LA DESAPARICION DE LA PRINCESA KU-MY. —


PINOCHO Y LOS «THUNGS». — EN LA BOCA DEL
LOBO
A la caída de la tarde llegó Pinocho a
una gran ciudad; entró en ella y empezó a
pasear por las calles.
Las mujeres iban vestidas con gasas de
mil colores, y los hombres llevaban
turbantes adornados con coral; por todas
partes se veían tapices, y las puertas de las
casas estaban reemplazadas por cortinas
de seda y damasco. Pinocho, algo cansado
por la caminata, se sentó en la terraza de
un café, donde le sirvieron horchata de
rosas. Al poco rato vio llegar un grupo de
esclavos que gritaban: «Paso, paso». Y al
punto apareció una comitiva. Primero
marchaba un elefante de inmaculada
blancura, sobre el cual, entre cojines de
terciopelo, estaba sentado el Rajah,
magníficamente ataviado con una capa de púrpura. Junto a él iba un negro, dándole
aire con un abanico de plumas de pavo real; otro negro sostenía un quitasol de gasa
y oro. Toda la Corte rodeaba al elefante Imperial y gran parte del Ejército le
seguía.
A pesar de tantas comodidades, el Rajah parecía tan triste y daba unos suspiros
tan lastimosos, que Pinocho, que era muy compasivo, se conmovió profundamente.
—¿Qué le pasa a ese señor? — preguntó a una viejecita que cerca de él contem-
plaba, humildemente inclinada, el paso del soberano.
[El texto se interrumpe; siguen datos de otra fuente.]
(* Let $1\le q_1<q_2<\cdots$ be a strictly increasing sequence of integers satisfying $q_{n+1}<2q_n$ for all $n\in\mathbb{N}$, and let $S_n=q_1+\dots+q_n$. Let $k_0\ge 0$ be an integer. Then $S_n-q_{n+1}\ge 2k_0$ for every integer $n\ge q_1+2k_0+1$. *)

theory Defs
  imports Main
begin

end

theory Submission
  imports Defs
begin

text \<open>For integers, \<open>q (n+1) < 2 q n\<close> means \<open>q (n+1) \<le> 2 q n - 1\<close>, so passing from
  \<open>n\<close> to \<open>n+1\<close> raises \<open>S n - q (n+1)\<close> by at least one. Starting from
  \<open>S 1 - q 2 \<ge> 1 - q 1\<close> this gives \<open>S n - q (n+1) \<ge> n - q 1\<close>, which is at least
  \<open>2 k0 + 1\<close> once \<open>n \<ge> q 1 + 2 k0 + 1\<close>.\<close>

lemma sum_minus_next_ge_index_minus_first:
  fixes q :: "nat \<Rightarrow> int"
  assumes ratio: "\<And>m. m \<ge> 1 \<Longrightarrow> q (Suc m) < 2 * q m"
    and "n \<ge> 1"
  shows "int n - q 1 \<le> (\<Sum>i=1..n. q i) - q (Suc n)"
  using \<open>n \<ge> 1\<close>
proof (induction n rule: nat_induct_at_least)
  case base
  show ?case using ratio[of 1] by simp
next
  case (Suc n)
  have "q (Suc (Suc n)) < 2 * q (Suc n)" using ratio[of "Suc n"] by simp
  then show ?case using Suc.IH by simp
qed

theorem lemma2p2:
  fixes q :: "nat \<Rightarrow> int" and k0 :: int and n :: nat
  assumes q1: "1 \<le> q 1"
    and incr: "\<And>m. m \<ge> 1 \<Longrightarrow> q m < q (Suc m)"
    and ratio: "\<And>m. m \<ge> 1 \<Longrightarrow> q (Suc m) < 2 * q m"
    and k0: "0 \<le> k0"
    and n: "int n \<ge> q 1 + 2 * k0 + 1"
  shows "(\<Sum>i=1..n. q i) - q (Suc n) \<ge> 2 * k0"
proof -
  have "n \<ge> 1" using q1 k0 n by linarith
  then have "int n - q 1 \<le> (\<Sum>i=1..n. q i) - q (Suc n)"
    using sum_minus_next_ge_index_minus_first[of q, OF ratio] by blast
  then show ?thesis using n by linarith
qed

end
—¡El pobre! Acaban de robarle a su hija, la princesita Ku-my, la más hermosa
y la más buena de todas las princesas —respondió la viejecita.
—¿Y quién la ha robado?
—Los Thungs.
—¿Y qué es eso?
— Los Thungs es una sociedad misteriosa, dedicada al culto de la diosa Rarrahi
Esta sociedad se dedica a robar muchachas para sacrificarlas a la diosa.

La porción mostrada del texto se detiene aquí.